[[ Excerpted data, beginning ]]

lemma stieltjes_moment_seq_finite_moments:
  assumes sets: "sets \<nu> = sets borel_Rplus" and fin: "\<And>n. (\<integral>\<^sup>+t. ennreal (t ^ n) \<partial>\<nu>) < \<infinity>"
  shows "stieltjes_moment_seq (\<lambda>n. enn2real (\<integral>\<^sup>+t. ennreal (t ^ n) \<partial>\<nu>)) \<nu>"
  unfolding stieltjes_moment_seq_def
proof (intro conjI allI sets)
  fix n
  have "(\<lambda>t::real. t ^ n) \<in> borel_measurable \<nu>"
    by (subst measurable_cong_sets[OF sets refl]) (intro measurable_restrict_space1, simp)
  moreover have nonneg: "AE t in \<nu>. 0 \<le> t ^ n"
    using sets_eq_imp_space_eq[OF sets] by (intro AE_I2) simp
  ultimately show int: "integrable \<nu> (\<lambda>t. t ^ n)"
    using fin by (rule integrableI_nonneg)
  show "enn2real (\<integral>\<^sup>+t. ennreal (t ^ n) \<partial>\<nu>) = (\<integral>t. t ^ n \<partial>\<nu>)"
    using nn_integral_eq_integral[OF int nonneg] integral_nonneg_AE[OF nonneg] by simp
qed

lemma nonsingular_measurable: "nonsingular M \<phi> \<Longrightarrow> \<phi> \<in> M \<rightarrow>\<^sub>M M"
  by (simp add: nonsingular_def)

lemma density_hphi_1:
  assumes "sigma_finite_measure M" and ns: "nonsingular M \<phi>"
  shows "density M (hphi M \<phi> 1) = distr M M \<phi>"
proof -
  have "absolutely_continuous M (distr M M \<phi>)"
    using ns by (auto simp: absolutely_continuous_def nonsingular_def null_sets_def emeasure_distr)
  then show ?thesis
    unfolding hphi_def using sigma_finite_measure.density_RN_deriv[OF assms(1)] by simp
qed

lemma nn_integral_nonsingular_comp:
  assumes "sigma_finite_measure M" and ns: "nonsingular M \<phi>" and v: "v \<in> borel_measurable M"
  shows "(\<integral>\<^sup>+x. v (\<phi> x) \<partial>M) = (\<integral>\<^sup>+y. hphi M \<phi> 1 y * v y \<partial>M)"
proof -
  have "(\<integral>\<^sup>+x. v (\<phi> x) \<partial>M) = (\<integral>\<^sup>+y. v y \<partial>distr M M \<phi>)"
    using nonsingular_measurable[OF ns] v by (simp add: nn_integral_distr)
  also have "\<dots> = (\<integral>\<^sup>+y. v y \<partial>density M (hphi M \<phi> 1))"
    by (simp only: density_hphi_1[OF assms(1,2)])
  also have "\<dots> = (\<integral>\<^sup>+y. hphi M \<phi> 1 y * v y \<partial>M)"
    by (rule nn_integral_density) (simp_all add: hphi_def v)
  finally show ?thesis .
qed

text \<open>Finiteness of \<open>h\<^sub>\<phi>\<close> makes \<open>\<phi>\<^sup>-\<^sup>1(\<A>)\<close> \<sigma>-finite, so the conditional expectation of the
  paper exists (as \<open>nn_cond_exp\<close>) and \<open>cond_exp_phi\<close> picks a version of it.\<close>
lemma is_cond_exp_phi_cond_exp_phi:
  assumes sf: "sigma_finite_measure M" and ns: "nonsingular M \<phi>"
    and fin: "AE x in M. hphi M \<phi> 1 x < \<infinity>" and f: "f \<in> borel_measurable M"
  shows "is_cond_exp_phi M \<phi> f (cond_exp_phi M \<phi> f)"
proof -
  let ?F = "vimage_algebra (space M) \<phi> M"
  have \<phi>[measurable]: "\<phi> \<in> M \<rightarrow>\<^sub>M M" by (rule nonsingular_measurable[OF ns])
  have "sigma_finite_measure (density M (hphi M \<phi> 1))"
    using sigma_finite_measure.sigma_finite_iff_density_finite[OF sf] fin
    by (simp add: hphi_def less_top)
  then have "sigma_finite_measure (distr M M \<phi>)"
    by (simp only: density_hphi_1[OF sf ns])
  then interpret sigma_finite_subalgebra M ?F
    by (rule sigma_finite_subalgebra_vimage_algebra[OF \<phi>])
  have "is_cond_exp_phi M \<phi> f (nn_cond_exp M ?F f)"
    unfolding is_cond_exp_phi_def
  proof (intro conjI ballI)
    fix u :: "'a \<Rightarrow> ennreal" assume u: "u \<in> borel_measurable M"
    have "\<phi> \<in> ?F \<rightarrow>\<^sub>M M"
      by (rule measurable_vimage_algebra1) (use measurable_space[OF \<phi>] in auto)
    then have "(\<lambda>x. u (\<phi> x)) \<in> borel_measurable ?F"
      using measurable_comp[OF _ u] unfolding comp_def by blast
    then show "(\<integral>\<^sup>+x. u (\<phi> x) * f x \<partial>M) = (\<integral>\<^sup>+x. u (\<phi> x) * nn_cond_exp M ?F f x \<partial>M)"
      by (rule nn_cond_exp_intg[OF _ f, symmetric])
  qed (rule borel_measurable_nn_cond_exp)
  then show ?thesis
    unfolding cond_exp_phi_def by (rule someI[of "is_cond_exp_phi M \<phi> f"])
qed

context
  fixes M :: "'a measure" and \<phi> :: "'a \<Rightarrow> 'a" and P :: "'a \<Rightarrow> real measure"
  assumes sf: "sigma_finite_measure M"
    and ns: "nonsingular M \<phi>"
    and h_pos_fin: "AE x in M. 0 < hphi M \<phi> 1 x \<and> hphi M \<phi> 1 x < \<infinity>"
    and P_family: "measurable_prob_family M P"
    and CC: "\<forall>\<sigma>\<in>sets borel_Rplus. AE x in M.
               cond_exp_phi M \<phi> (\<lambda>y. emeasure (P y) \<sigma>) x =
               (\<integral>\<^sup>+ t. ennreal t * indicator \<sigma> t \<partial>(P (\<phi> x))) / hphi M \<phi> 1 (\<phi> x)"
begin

[[ Excerpted data, end ]]

Aim of the exercise
List each line of the records that holds the string "open".

Response for this exercise
text \<open>Finiteness of \<open>h\<^sub>\<phi>\<close> makes \<open>\<phi>\<^sup>-\<^sup>1(\<A>)\<close> \<sigma>-finite, so the conditional expectation of the
  paper exists (as \<open>nn_cond_exp\<close>) and \<open>cond_exp_phi\<close> picks a version of it.\<close>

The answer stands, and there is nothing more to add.